▶ _Problem details_
After locating the line that contains "x = (\<Sum>n." in the records below, write out exactly that line and each line after it through the one that contains "(AE x in lborel.", and nothing else.

* * * * * * *

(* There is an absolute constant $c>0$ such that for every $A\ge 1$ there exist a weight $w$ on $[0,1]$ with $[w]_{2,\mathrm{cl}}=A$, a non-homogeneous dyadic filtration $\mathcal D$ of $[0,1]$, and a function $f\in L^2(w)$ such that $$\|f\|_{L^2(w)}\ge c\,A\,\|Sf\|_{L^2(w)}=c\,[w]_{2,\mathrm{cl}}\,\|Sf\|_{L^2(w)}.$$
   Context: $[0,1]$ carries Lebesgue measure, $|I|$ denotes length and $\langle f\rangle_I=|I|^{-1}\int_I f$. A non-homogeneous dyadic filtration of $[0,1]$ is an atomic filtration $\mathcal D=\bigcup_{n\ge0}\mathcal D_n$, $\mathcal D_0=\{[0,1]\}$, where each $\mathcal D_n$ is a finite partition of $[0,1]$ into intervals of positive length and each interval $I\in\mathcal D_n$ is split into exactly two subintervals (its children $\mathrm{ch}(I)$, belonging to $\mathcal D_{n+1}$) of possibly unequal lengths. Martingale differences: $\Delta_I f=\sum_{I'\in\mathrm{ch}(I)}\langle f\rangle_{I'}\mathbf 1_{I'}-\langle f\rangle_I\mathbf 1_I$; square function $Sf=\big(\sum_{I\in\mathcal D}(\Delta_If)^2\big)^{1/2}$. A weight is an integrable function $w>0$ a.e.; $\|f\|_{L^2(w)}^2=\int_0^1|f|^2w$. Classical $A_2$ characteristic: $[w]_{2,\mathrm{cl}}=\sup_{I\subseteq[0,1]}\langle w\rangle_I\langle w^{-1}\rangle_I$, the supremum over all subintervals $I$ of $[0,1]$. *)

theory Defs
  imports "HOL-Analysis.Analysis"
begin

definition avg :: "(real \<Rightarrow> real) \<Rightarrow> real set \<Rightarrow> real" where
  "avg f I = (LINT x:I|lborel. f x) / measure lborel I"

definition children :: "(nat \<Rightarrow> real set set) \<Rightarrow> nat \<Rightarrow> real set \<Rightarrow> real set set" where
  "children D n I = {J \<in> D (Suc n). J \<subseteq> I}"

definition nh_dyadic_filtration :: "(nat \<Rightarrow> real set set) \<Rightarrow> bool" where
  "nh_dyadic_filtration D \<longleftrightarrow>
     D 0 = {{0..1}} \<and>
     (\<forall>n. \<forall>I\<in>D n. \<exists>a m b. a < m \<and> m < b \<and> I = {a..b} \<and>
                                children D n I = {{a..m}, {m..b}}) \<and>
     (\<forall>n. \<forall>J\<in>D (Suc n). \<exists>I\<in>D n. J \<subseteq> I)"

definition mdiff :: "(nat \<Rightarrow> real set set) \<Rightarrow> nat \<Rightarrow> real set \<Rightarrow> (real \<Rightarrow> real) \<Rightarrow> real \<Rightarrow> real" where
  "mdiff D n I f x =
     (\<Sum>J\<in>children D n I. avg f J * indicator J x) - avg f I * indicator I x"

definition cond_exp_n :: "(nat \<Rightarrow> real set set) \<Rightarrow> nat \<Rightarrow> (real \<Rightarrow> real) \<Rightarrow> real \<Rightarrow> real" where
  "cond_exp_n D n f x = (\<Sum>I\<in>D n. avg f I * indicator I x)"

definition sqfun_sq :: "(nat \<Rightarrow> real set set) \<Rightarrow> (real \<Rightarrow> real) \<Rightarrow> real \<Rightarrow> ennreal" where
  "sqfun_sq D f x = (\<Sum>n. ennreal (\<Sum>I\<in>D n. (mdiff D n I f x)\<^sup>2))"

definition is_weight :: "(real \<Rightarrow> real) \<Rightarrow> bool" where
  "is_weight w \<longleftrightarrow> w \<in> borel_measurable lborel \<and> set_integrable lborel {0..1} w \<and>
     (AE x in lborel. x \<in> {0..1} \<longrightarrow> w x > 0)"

* * * * * * *

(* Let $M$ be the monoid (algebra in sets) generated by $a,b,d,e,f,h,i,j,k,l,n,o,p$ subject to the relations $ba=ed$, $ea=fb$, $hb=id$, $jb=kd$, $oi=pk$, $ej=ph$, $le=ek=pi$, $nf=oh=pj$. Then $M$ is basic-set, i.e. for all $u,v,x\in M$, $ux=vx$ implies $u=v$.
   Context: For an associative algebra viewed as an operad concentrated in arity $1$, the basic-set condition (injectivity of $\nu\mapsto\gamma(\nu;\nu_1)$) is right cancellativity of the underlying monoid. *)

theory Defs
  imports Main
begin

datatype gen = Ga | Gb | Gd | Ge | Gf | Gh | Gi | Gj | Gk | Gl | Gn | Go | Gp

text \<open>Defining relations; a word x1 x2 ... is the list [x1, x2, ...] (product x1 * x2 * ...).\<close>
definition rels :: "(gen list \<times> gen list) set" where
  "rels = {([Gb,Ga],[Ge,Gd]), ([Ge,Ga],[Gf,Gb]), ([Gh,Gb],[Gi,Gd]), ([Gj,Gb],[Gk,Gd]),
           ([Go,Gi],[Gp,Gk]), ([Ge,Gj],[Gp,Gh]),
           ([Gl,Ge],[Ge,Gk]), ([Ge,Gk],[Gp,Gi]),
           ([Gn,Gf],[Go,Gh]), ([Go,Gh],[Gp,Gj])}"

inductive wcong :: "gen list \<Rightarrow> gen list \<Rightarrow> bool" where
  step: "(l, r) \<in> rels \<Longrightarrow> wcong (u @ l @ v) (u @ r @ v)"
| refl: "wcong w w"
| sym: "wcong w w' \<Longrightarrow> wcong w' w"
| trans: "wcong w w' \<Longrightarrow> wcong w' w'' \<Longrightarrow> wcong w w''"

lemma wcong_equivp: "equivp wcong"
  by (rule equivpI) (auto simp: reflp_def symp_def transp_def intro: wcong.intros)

* * * * * * *

▶ _Task output_
  "sqfun_sq D f x = (\<Sum>n. ennreal (\<Sum>I\<in>D n. (mdiff D n I f x)\<^sup>2))"

definition is_weight :: "(real \<Rightarrow> real) \<Rightarrow> bool" where
  "is_weight w \<longleftrightarrow> w \<in> borel_measurable lborel \<and> set_integrable lborel {0..1} w \<and>
     (AE x in lborel. x \<in> {0..1} \<longrightarrow> w x > 0)"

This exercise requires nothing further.